** Work request **
In the listing below, find the line holding "then show ?thesis by blast" and the line holding "real) \<Rightarrow> 'c". Write out those two lines and all lines between, exactly, and nothing more.

** Records for the exercise **
text \<open>A state \<open>\<langle>l, \<upsilon>, Z, \<gamma>\<rangle>\<close> of \<open>R(A)\<close> stands for the configurations \<open>\<langle>l, \<upsilon> + v\<rangle>\<close>
  with \<open>v \<in> Z\<close>, \<open>\<gamma>\<close> being the clocks that still have to be reset. Soundness is then a
  step-by-step simulation backwards along a run of \<open>R(A)\<close>. For completeness, a discrete
  transition of \<open>A\<close> is matched by an edge transition of \<open>R(A)\<close>, and a delay by alternating
  zone delays with wrapping steps, one for each time a clock's fractional part passes \<open>1\<close>.
  The only real work is to show that 1-bounded zones are closed under the zone operations;
  writing zones as difference constraints, the existential quantifiers in future and reset are
  removed by Fourier--Motzkin elimination, and constants outside \<open>[-1, 1]\<close> can be clamped
  because all clocks range over \<open>[0, 1]\<close>.\<close>

section \<open>Fourier--Motzkin elimination for difference constraints\<close>

type_synonym 'v dc = "'v \<times> 'v \<times> rel \<times> int"

fun dc_holds :: "('v \<Rightarrow> real) \<Rightarrow> 'v dc \<Rightarrow> bool" where
  "dc_holds w (a, b, r, c) = rel_holds r (w a - w b) (real_of_int c)"

fun map_dc :: "('v \<Rightarrow> 'w) \<Rightarrow> 'v dc \<Rightarrow> 'w dc" where
  "map_dc f (a, b, r, c) = (f a, f b, r, c)"

lemma dc_holds_map_dc: "dc_holds w (map_dc f g) \<longleftrightarrow> dc_holds (w \<circ> f) g"
  by (cases g) simp

lemma dc_holds_shift: "dc_holds (\<lambda>a. w a - t) g \<longleftrightarrow> dc_holds w g"
  by (cases g) simp

text \<open>A bound \<open>(p, k, s)\<close> on a variable stands for the term \<open>w p + k\<close>; the flag \<open>s\<close>
  marks it as strict.\<close>
type_synonym 'v bound = "'v \<times> int \<times> bool"

fun bound_below :: "('v \<Rightarrow> real) \<Rightarrow> 'v bound \<Rightarrow> real \<Rightarrow> bool" where
  "bound_below w (p, k, s) t = (if s then w p + k < t else w p + k \<le> t)"

fun bound_above :: "('v \<Rightarrow> real) \<Rightarrow> 'v bound \<Rightarrow> real \<Rightarrow> bool" where
  "bound_above w (q, m, s) t = (if s then t < w q + m else t \<le> w q + m)"

fun lower_bounds :: "'v \<Rightarrow> 'v dc \<Rightarrow> 'v bound list" where
  "lower_bounds x (a, b, r, c) =
    (if a = x \<and> b \<noteq> x then
      (case r of RGt \<Rightarrow> [(b, c, True)] | RGe \<Rightarrow> [(b, c, False)] | REq \<Rightarrow> [(b, c, False)] | _ \<Rightarrow> [])
    else if b = x \<and> a \<noteq> x then
      (case r of RLt \<Rightarrow> [(a, -c, True)] | RLe \<Rightarrow> [(a, -c, False)] | REq \<Rightarrow> [(a, -c, False)] | _ \<Rightarrow> [])
    else [])"

fun upper_bounds :: "'v \<Rightarrow> 'v dc \<Rightarrow> 'v bound list" where
  "upper_bounds x (a, b, r, c) =
    (if a = x \<and> b \<noteq> x then
      (case r of RLt \<Rightarrow> [(b, c, True)] | RLe \<Rightarrow> [(b, c, False)] | REq \<Rightarrow> [(b, c, False)] | _ \<Rightarrow> [])
    else if b = x \<and> a \<noteq> x then
      (case r of RGt \<Rightarrow> [(a, -c, True)] | RGe \<Rightarrow> [(a, -c, False)] | REq \<Rightarrow> [(a, -c, False)] | _ \<Rightarrow> [])
    else [])"

fun combine_bounds :: "'v bound \<Rightarrow> 'v bound \<Rightarrow> 'v dc" where
  "combine_bounds (p, k, s) (q, m, s') = (p, q, if s \<or> s' then RLt else RLe, m - k)"

text \<open>A constraint \<open>x - x \<bowtie> c\<close> does not depend on \<open>x\<close> and is kept, renamed to the arbitrary
  other variable \<open>z\<close>.\<close>
definition fm_elim :: "'v \<Rightarrow> 'v \<Rightarrow> 'v dc list \<Rightarrow> 'v dc list" where
  "fm_elim x z D =
     filter (\<lambda>(a, b, r, c). a \<noteq> x \<and> b \<noteq> x) D
   @ map (\<lambda>(a, b, r, c). (z, z, r, c)) (filter (\<lambda>(a, b, r, c). a = x \<and> b = x) D)
   @ [combine_bounds l h. l \<leftarrow> concat (map (lower_bounds x) D), h \<leftarrow> concat (map (upper_bounds x) D)]"

lemma dc_holds_upd_iff_bounds:
  assumes "(a = x) \<noteq> (b = x)"
  shows "dc_holds (w(x := t)) (a, b, r, c) \<longleftrightarrow>
    (\<forall>l\<in>set (lower_bounds x (a, b, r, c)). bound_below w l t) \<and>
    (\<forall>h\<in>set (upper_bounds x (a, b, r, c)). bound_above w h t)"
  using assms by (cases r) auto

lemma dc_holds_combine_bounds: "bound_below w l t \<Longrightarrow> bound_above w h t \<Longrightarrow> dc_holds w (combine_bounds l h)"
  by (cases l; cases h) (auto split: if_splits)

lemma exists_between_bounds:
  fixes Lo Hi :: "('a::linordered_field \<times> bool) set"
  assumes "finite Lo" "finite Hi"
    and compatible: "\<And>a s b s'. (a, s) \<in> Lo \<Longrightarrow> (b, s') \<in> Hi \<Longrightarrow> if s \<or> s' then a < b else a \<le> b"
  shows "\<exists>t. (\<forall>(a, s)\<in>Lo. if s then a < t else a \<le> t) \<and> (\<forall>(b, s)\<in>Hi. if s then t < b else t \<le> b)"
proof -
  define m where "m = Max (fst ` Lo)"
  define M where "M = Min (fst ` Hi)"
  have m_ge: "a \<le> m" if "(a, s) \<in> Lo" for a s
    unfolding m_def using assms(1) that by (intro Max_ge) (auto intro: rev_image_eqI)
  have M_le: "M \<le> b" if "(b, s) \<in> Hi" for b s
    unfolding M_def using assms(2) that by (intro Min_le) (auto intro: rev_image_eqI)
  consider "Lo = {}" | "Hi = {}" | "Lo \<noteq> {}" "Hi \<noteq> {}" by blast
  then show ?thesis
  proof cases
    case 1
    show ?thesis
      using 1 M_le by (intro exI[of _ "M - 1"]) (fastforce split: if_splits)
  next
    case 2
    show ?thesis
      using 2 m_ge by (intro exI[of _ "m + 1"]) (fastforce split: if_splits)
  next
    case 3
    obtain sm where sm: "(m, sm) \<in> Lo"
      using Max_in[of "fst ` Lo"] assms(1) 3 unfolding m_def by fastforce
    obtain sM where sM: "(M, sM) \<in> Hi"
      using Min_in[of "fst ` Hi"] assms(2) 3 unfolding M_def by fastforce
    have "m \<le> M" using compatible[OF sm sM] by (auto split: if_splits)
    then consider "m < M" | "m = M" by linarith
    then show ?thesis
    proof cases
      case 1
      show ?thesis
        using 1 m_ge M_le by (intro exI[of _ "(m + M) / 2"]) (fastforce simp: field_simps split: if_splits)
    next
      case 2
      \<comment> \<open>the extreme bounds coincide, so by compatibility no bound at that value is strict\<close>
      have "if s then a < m else a \<le> m" if "(a, s) \<in> Lo" for a s
        using compatible[OF that sM] m_ge[OF that] 2 by (auto split: if_splits)
      moreover have "if s then m < b else m \<le> b" if "(b, s) \<in> Hi" for b s
        using compatible[OF sm that] by (auto split: if_splits)
      ultimately show ?thesis by blast
    qed
  qed
qed

lemma fm_elim_sound:
  assumes "z \<noteq> x" and sat: "\<forall>g\<in>set D. dc_holds (w(x := t)) g"
  shows "\<forall>g\<in>set (fm_elim x z D). dc_holds w g"
proof
  have lower: "bound_below w l t" if "l \<in> set (lower_bounds x g)" "g \<in> set D" for l g
  proof (cases g)
    case (fields a b r c)
    then have "(a = x) \<noteq> (b = x)" using that by (auto split: if_splits)
    with sat that fields dc_holds_upd_iff_bounds show ?thesis by metis
  qed
  have upper: "bound_above w h t" if "h \<in> set (upper_bounds x g)" "g \<in> set D" for h g
  proof (cases g)
    case (fields a b r c)
    then have "(a = x) \<noteq> (b = x)" using that by (auto split: if_splits)
    with sat that fields dc_holds_upd_iff_bounds show ?thesis by metis
  qed
  fix g assume "g \<in> set (fm_elim x z D)"
  then consider (free) a b r c where "(a, b, r, c) \<in> set D" "a \<noteq> x" "b \<noteq> x" "g = (a, b, r, c)"
    | (self) r c where "(x, x, r, c) \<in> set D" "g = (z, z, r, c)"
    | (combined) l h g1 g2 where "l \<in> set (lower_bounds x g1)" "g1 \<in> set D"
        "h \<in> set (upper_bounds x g2)" "g2 \<in> set D" "g = combine_bounds l h"
    unfolding fm_elim_def by auto
  then show "dc_holds w g"
  proof cases
    case free
    then show ?thesis using sat by fastforce
  next
    case self
    then show ?thesis using sat by fastforce
  next
    case combined
    then show ?thesis using lower upper dc_holds_combine_bounds by metis
  qed
qed

lemma fm_elim_complete:
  assumes sat: "\<forall>g\<in>set (fm_elim x z D). dc_holds w g"
  shows "\<exists>t. \<forall>g\<in>set D. dc_holds (w(x := t)) g"
proof -
  define Ls where "Ls = concat (map (lower_bounds x) D)"
  define Hs where "Hs = concat (map (upper_bounds x) D)"
  let ?val = "\<lambda>(p, k::int, s::bool). (w p + real_of_int k, s)"
  have "if s \<or> s' then a < b else a \<le> b"
    if bounds: "(a, s) \<in> ?val ` set Ls" "(b, s') \<in> ?val ` set Hs" for a s b s'
  proof -
    obtain p k q m where lh: "(p, k, s) \<in> set Ls" "(q, m, s') \<in> set Hs"
      and ab: "a = w p + real_of_int k" "b = w q + real_of_int m"
      using bounds by fastforce
    from lh have "combine_bounds (p, k, s) (q, m, s') \<in> set (fm_elim x z D)"
      unfolding fm_elim_def Ls_def Hs_def by (auto simp del: combine_bounds.simps)
    then have "dc_holds w (combine_bounds (p, k, s) (q, m, s'))"
      using sat by blast
    with ab show ?thesis by (auto split: if_splits)
  qed
  then obtain t where t_lower: "\<forall>(a, s)\<in>?val ` set Ls. if s then a < t else a \<le> t"
    and t_upper: "\<forall>(b, s)\<in>?val ` set Hs. if s then t < b else t \<le> b"
    using exists_between_bounds[of "?val ` set Ls" "?val ` set Hs"] by auto
  have "dc_holds (w(x := t)) g" if g: "g \<in> set D" for g
  proof (cases g)
    case (fields a b r c)
    consider "a \<noteq> x" "b \<noteq> x" | "a = x" "b = x" | "(a = x) \<noteq> (b = x)" by blast
    then show ?thesis
    proof cases
      case 1
      then have "g \<in> set (fm_elim x z D)" using g fields unfolding fm_elim_def by auto
      with sat 1 fields show ?thesis by auto
    next
      case 2
      then have "(z, z, r, c) \<in> set (fm_elim x z D)" using g fields unfolding fm_elim_def by force
      with sat 2 fields show ?thesis by fastforce
    next
      case 3
      have "bound_below w l t" if "l \<in> set (lower_bounds x g)" for l
        using t_lower that g unfolding Ls_def by (cases l) (fastforce split: if_splits)
      moreover have "bound_above w h t" if "h \<in> set (upper_bounds x g)" for h
        using t_upper that g unfolding Hs_def by (cases h) (fastforce split: if_splits)
      ultimately show ?thesis using dc_holds_upd_iff_bounds[OF 3] fields by blast
    qed
  qed
  then show ?thesis by blast
qed

lemma fm_elim_iff:
  "z \<noteq> x \<Longrightarrow> (\<exists>t. \<forall>g\<in>set D. dc_holds (w(x := t)) g) \<longleftrightarrow> (\<forall>g\<in>set (fm_elim x z D). dc_holds w g)"
  using fm_elim_sound fm_elim_complete by metis

section \<open>1-bounded zones as difference constraints\<close>

definition ref_val :: "('c \<Rightarrow> real) \<Rightarrow> 'c option \<Rightarrow> real" where
  "ref_val v = case_option 0 v"

lemma ref_val_simps [simp]: "ref_val v None = 0" "ref_val v (Some y) = v y"
  by (simp_all add: ref_val_def)

lemma ref_val_upd: "ref_val (v(x := t)) = (ref_val v)(Some x := t)"
  by (auto simp: ref_val_def split: option.splits)

text \<open>Zones are described by difference constraints over \<open>'c option\<close>, where \<open>None\<close> is a
  reference clock that is constantly \<open>0\<close>.\<close>
definition dc_zone :: "'c option dc list \<Rightarrow> ('c \<Rightarrow> real) set" where
  "dc_zone D = {v \<in> unit_box. \<forall>g\<in>set D. dc_holds (ref_val v) g}"

fun flip :: "rel \<Rightarrow> rel" where
  "flip RLt = RGt" | "flip RLe = RGe" | "flip REq = REq" | "flip RGe = RLe" | "flip RGt = RLt"

lemma rel_holds_flip: "rel_holds (flip r) d (-c) \<longleftrightarrow> rel_holds r (-d) c"
  by (cases r) auto

text \<open>On \<open>[-1, 1]\<close>, a comparison with a constant of absolute value at least \<open>2\<close> is either
  trivially true or trivially false, and can be replaced by one with constant \<open>\<plusminus>1\<close>.\<close>
definition clamp :: "rel \<Rightarrow> int \<Rightarrow> rel \<times> int" where
  "clamp r c =
    (if c \<ge> 2 then (if r = RLt \<or> r = RLe then (RLe, 1) else (RGt, 1))
     else if c \<le> -2 then (if r = RGt \<or> r = RGe then (RGe, -1) else (RLt, -1))
     else (r, c))"

lemma rel_holds_clamp:
  assumes "-1 \<le> d" "d \<le> 1"
  shows "rel_holds (fst (clamp r c)) d (snd (clamp r c)) \<longleftrightarrow> rel_holds r d c"
proof -
  consider "c \<ge> 2" | "c \<le> -2" | "-2 < c" "c < 2" by linarith
  then show ?thesis
  proof cases
    case 1
    then have "real_of_int c \<ge> 2" by simp
    with 1 assms show ?thesis by (cases r) (auto simp: clamp_def)
  next
    case 2
    then have "real_of_int c \<le> -2" by simp
    with 2 assms show ?thesis by (cases r) (auto simp: clamp_def)
  qed (auto simp: clamp_def)
qed

lemma clamp_const: "snd (clamp r c) \<in> {-1, 0, 1}"
  by (auto simp: clamp_def)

** Solution to this task **
  then show ?thesis by blast
qed

lemma fm_elim_iff:
  "z \<noteq> x \<Longrightarrow> (\<exists>t. \<forall>g\<in>set D. dc_holds (w(x := t)) g) \<longleftrightarrow> (\<forall>g\<in>set (fm_elim x z D). dc_holds w g)"
  using fm_elim_sound fm_elim_complete by metis

section \<open>1-bounded zones as difference constraints\<close>

definition ref_val :: "('c \<Rightarrow> real) \<Rightarrow> 'c option \<Rightarrow> real" where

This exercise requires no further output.